## Work item
From the data below, set down exactly the lines between the one holding "so \<open>2s\<close> copies" and the one holding "i \<in> S) (Pow", inclusive, and no others.

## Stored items
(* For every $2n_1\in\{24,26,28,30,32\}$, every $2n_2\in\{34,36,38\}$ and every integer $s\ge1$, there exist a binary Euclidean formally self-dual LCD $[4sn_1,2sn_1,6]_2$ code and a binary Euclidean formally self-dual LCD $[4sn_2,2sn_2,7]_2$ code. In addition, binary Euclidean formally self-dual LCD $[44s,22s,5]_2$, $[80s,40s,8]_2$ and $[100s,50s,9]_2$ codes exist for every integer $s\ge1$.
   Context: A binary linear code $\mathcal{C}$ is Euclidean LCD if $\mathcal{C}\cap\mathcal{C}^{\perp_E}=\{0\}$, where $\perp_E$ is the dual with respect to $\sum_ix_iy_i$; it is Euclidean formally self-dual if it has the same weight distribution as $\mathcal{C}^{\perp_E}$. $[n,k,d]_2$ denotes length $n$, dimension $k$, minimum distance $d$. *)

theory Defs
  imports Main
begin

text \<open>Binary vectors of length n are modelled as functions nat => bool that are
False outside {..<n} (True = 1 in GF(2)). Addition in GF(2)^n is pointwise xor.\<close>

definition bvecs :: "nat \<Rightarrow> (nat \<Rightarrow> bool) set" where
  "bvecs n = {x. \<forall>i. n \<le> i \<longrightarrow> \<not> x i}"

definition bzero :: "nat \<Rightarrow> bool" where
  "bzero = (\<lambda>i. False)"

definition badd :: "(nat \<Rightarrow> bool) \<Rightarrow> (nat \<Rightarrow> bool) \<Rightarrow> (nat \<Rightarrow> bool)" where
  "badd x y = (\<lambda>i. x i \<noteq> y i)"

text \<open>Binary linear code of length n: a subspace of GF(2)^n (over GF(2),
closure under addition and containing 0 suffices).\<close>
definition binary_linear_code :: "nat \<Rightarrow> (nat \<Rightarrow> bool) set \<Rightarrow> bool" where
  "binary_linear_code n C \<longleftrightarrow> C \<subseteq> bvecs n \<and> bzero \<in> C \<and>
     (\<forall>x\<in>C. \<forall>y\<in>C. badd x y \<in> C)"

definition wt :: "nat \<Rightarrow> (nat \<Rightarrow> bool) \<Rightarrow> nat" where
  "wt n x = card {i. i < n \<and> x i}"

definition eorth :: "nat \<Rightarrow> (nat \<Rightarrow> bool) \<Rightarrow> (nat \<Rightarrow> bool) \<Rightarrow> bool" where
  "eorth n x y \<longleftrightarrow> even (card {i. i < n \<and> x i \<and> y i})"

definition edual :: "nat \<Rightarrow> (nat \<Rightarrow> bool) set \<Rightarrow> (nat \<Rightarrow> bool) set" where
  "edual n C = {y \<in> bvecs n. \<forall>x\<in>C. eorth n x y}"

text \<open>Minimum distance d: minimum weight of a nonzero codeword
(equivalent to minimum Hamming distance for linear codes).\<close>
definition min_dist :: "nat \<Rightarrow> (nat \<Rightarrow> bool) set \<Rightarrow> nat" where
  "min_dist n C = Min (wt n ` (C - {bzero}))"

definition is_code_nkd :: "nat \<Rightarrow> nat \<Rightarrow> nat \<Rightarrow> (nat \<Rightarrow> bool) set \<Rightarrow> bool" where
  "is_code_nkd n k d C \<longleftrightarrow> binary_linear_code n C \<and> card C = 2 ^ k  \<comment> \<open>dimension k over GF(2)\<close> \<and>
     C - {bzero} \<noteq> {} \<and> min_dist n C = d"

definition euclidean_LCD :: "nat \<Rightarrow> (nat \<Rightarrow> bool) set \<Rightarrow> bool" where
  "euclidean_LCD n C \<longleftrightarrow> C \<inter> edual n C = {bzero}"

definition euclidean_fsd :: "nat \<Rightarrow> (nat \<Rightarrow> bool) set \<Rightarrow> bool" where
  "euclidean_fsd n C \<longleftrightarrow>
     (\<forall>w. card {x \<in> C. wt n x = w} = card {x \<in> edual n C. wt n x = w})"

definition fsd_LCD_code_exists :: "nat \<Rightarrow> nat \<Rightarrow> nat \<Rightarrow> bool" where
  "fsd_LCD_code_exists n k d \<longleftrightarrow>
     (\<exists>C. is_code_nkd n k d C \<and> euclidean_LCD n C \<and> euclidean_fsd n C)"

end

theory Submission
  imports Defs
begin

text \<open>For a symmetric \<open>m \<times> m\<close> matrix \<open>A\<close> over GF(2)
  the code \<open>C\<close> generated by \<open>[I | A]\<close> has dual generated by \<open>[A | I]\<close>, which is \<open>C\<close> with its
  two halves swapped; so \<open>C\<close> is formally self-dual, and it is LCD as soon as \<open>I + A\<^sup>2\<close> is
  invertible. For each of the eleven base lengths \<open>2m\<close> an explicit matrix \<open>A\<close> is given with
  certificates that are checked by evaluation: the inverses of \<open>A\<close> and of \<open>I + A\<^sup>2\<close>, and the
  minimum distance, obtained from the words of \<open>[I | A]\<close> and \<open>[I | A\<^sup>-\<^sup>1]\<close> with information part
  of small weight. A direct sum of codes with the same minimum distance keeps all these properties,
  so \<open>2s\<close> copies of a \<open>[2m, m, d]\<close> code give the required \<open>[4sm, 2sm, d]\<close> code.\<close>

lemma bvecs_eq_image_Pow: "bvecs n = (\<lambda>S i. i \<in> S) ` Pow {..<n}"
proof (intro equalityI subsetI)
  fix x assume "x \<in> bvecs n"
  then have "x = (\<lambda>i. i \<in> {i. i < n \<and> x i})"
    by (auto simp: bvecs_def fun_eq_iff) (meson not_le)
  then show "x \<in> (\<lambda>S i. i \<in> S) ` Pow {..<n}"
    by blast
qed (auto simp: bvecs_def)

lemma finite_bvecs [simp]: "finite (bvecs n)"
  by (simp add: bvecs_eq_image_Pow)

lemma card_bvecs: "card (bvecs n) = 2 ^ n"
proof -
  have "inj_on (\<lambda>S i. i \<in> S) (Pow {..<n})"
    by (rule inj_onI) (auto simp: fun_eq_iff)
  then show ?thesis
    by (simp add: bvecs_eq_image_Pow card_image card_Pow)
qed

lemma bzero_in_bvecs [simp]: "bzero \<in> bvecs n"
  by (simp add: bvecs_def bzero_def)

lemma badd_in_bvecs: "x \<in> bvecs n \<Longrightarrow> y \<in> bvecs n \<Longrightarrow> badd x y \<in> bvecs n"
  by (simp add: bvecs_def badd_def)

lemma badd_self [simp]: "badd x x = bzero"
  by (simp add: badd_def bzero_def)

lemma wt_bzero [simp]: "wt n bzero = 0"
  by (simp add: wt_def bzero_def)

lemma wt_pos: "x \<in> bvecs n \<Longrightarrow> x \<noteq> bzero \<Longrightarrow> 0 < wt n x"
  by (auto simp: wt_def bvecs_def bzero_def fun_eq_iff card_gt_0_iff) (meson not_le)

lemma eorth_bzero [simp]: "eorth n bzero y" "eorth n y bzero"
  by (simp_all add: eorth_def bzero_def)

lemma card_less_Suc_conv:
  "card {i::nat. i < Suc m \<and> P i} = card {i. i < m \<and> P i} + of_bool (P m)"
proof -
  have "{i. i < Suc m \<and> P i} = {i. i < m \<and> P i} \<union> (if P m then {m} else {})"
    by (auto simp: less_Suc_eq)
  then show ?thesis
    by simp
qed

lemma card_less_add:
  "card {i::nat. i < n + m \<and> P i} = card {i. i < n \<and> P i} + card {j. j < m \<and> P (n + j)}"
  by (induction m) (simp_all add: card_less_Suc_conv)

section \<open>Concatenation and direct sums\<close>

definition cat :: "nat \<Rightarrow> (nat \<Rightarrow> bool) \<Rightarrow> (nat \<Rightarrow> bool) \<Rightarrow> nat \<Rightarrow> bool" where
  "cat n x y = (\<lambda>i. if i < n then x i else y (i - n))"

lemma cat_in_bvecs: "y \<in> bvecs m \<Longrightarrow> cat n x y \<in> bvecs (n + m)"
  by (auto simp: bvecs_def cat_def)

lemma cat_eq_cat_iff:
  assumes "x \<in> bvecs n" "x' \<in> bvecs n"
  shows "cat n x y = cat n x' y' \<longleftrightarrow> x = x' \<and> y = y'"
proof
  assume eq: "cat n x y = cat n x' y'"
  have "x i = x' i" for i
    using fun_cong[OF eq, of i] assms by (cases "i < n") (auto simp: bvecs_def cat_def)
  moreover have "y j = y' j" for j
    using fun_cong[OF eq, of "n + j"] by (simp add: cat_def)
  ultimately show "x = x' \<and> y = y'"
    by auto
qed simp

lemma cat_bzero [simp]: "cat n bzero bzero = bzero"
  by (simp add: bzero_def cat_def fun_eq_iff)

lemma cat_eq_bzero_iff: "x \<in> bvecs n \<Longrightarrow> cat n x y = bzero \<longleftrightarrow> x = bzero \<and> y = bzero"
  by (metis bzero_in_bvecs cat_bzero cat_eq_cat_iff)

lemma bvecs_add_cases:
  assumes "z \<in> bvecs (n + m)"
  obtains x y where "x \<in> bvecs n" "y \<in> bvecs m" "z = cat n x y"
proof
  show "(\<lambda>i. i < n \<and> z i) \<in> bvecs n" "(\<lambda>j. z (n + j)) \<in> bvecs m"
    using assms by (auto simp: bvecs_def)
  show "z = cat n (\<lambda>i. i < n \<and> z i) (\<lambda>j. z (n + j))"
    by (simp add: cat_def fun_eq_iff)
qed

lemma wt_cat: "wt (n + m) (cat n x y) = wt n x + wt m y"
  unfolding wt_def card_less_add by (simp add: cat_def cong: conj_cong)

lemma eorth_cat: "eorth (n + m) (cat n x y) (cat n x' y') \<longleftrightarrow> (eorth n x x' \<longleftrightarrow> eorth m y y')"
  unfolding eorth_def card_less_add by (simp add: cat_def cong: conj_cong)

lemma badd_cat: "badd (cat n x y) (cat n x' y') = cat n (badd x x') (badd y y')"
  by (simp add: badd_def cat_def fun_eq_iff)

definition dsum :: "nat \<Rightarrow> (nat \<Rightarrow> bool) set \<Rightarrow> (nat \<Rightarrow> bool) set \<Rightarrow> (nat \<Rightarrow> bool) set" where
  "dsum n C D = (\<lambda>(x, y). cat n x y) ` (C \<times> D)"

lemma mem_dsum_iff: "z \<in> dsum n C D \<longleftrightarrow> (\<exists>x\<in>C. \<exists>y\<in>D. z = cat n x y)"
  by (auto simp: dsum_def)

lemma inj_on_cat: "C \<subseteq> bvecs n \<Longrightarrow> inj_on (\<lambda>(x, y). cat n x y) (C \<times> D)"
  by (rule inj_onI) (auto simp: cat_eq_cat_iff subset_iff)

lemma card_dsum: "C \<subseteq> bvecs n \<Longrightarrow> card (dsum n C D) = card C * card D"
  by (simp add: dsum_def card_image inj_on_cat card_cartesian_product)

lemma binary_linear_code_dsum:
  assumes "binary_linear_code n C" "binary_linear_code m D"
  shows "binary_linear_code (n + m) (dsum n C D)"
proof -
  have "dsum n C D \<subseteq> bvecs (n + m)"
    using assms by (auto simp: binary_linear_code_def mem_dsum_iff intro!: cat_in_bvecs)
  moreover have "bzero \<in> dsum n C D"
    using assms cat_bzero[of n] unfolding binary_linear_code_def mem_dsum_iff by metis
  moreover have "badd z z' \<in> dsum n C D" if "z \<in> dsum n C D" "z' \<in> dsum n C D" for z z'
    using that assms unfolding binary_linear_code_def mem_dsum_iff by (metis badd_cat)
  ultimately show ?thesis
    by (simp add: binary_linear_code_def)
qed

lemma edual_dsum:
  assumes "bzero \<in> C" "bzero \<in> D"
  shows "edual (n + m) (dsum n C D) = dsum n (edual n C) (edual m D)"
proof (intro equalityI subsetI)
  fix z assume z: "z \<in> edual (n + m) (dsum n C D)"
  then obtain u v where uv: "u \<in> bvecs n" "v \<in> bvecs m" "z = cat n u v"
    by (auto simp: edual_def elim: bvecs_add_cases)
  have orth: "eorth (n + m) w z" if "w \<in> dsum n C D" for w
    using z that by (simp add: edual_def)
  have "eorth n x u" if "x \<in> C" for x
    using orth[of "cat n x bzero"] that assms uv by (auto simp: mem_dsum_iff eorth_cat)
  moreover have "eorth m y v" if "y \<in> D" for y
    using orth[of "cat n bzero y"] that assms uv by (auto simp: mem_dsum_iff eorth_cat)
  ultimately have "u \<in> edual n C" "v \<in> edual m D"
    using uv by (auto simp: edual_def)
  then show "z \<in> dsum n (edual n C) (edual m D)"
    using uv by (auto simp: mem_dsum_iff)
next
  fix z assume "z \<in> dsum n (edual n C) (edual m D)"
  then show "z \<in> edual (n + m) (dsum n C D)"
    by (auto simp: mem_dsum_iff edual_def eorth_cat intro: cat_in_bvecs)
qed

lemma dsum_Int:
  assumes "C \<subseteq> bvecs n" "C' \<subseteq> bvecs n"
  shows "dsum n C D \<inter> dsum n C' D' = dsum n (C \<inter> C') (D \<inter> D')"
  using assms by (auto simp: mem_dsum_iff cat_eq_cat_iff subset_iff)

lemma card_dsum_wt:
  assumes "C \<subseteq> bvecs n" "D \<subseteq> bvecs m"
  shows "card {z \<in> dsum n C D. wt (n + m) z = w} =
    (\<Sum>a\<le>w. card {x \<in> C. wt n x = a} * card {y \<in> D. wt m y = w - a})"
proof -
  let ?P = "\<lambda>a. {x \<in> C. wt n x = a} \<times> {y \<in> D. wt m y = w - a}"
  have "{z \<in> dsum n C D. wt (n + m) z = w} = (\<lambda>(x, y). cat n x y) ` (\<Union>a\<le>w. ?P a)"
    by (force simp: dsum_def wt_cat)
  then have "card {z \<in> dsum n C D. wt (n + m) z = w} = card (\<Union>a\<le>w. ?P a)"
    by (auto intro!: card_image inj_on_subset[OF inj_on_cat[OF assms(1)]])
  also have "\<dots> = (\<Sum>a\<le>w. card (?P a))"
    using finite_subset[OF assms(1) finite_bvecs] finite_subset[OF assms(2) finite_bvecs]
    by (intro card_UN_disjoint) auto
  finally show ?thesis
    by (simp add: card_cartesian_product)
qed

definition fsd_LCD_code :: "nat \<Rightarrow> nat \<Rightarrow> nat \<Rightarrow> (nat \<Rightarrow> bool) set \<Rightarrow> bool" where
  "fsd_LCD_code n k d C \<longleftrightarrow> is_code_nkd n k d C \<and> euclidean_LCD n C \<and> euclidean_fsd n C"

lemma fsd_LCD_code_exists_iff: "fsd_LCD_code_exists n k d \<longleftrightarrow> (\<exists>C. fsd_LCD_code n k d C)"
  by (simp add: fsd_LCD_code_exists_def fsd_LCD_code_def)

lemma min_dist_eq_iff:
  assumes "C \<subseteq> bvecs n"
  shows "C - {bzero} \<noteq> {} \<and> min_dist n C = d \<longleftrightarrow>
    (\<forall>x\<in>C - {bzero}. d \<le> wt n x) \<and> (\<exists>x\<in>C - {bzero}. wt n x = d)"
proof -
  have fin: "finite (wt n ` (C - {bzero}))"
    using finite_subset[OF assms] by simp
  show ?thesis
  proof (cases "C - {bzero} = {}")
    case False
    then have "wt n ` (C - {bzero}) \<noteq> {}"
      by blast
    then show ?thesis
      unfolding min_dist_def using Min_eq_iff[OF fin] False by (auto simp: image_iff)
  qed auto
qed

## Exercise result
  so \<open>2s\<close> copies of a \<open>[2m, m, d]\<close> code give the required \<open>[4sm, 2sm, d]\<close> code.\<close>

lemma bvecs_eq_image_Pow: "bvecs n = (\<lambda>S i. i \<in> S) ` Pow {..<n}"
proof (intro equalityI subsetI)
  fix x assume "x \<in> bvecs n"
  then have "x = (\<lambda>i. i \<in> {i. i < n \<and> x i})"
    by (auto simp: bvecs_def fun_eq_iff) (meson not_le)
  then show "x \<in> (\<lambda>S i. i \<in> S) ` Pow {..<n}"
    by blast
qed (auto simp: bvecs_def)

lemma finite_bvecs [simp]: "finite (bvecs n)"
  by (simp add: bvecs_eq_image_Pow)

lemma card_bvecs: "card (bvecs n) = 2 ^ n"
proof -
  have "inj_on (\<lambda>S i. i \<in> S) (Pow {..<n})"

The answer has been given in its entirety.